Travelling in fog

Fog is a major travel hazard which can affect visibility. It occurs most often in late autumn and towards the end of February, but can be a problem throughout spring and autumn.

Travelling in fog

Fog often disperses after sunrise but on occasions may last all day or several days.

Before you travel

Always check your vehicle.

Make sure you’re familiar with how to operate your front and rear fog lights.

As with any journey, it’s always best to plan ahead and look at the latest weather forecasts before you travel.

When you’re on the road

Use dipped headlights, wipers and demisters. Avoid using full beam, as the fog reflects the light back, reducing visibility even further.

According to the Highway Code, you should use your headlights when visibility is below 100 metres (328 feet).

Use fog lights only when visibility is seriously reduced and below 100 metres (328 feet).

Only drive as fast as conditions allow:

  • Create a bigger gap between you and the vehicle in front of you
  • Slow down so you can stop within the distance you can see clearly.
  • Check your mirrors before you slow down, brake slowly

Beware of other drivers not using headlights.

Note: occasionally while driving, your visibility may be affected by smoke or dust. In these situations, you should follow the same advice as for driving in fog.

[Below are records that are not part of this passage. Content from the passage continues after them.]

lemma AE_loopless:
  assumes meas: "\<And>n. G n \<in> measurable M (count_space UNIV)"
    and distr: "\<And>n. distr M (count_space UNIV) (G n) = measure_pmf (gnp n p)"
  shows "AE \<omega> in M. \<forall>n. loopless (G n \<omega>)"
proof -
  have "AE E in measure_pmf (gnp n p). loopless E" for n
    by (rule AE_pmfI) (auto simp: gnp_def loopless_def pairs_def doubleton_eq_iff)
  then have "AE \<omega> in M. loopless (G n \<omega>)" for n
    unfolding distr[symmetric] by (rule AE_distrD[OF meas])
  then show ?thesis by (simp add: AE_all_countable)
qed


theorem theorem5p14:
  fixes M :: "'w measure" and G :: "nat \<Rightarrow> 'w \<Rightarrow> nat set set" and p :: real
  assumes "prob_space M"
    and "0 < p" and "p < 1"
    and "prob_space.indep_vars M (\<lambda>_. count_space UNIV) G UNIV"
    and "\<And>n. distr M (count_space UNIV) (G n) = measure_pmf (gnp n p)"
  shows "AE \<omega> in M. FO_convergent (\<lambda>n. G n \<omega>)"
proof -
  note distr = assms(5)
  have meas: "G n \<in> measurable M (count_space UNIV)" for n
    using assms(4) by (simp add: prob_space.indep_vars_def2[OF assms(1)])
  have "AE \<omega> in M. \<forall>n. loopless (G n \<omega>)"
    by (rule AE_loopless[OF meas distr])
  moreover have "AE \<omega> in M. \<forall>k. eventually (\<lambda>n. extension_property k n (G n \<omega>)) sequentially"
    unfolding AE_all_countable
    by (intro allI AE_eventually_extension_property[OF assms(1-3) meas distr])
  moreover have "AE \<omega> in M. convergent (\<lambda>n. pattern_density c q n (G n \<omega>))"
    if "c \<in> patterns q" for q c
    using AE_pattern_density_tendsto[OF assms(1-3) meas distr that]
    by eventually_elim (rule convergentI)
  then have "AE \<omega> in M. \<forall>q. \<forall>c\<in>patterns q. convergent (\<lambda>n. pattern_density c q n (G n \<omega>))"
    unfolding AE_all_countable by (intro allI AE_finite_allI[OF finite_patterns])
  ultimately show ?thesis
  proof eventually_elim
    case (elim \<omega>)
    then show ?case by (intro FO_convergent_if_pattern_densities_converge) auto
  qed
qed

end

Follow the Highway Code's advice on foggy weather.

How we help you

On parts of our network we use fog detection systems, which will automatically set our roadside signs to warn you when visibility is reduced.

Fog can be very localised - sometimes signs may indicate fog, but nothing is present at that location.

Top tips for driving in fog

Listen out for other vehicles

If visibility is very limited, wind down your windows at junctions and crossroads to allow you to listen out for approaching traffic.

Keep your windscreen clear

Ensure the heater is set to windscreen de-misting and open all the vents.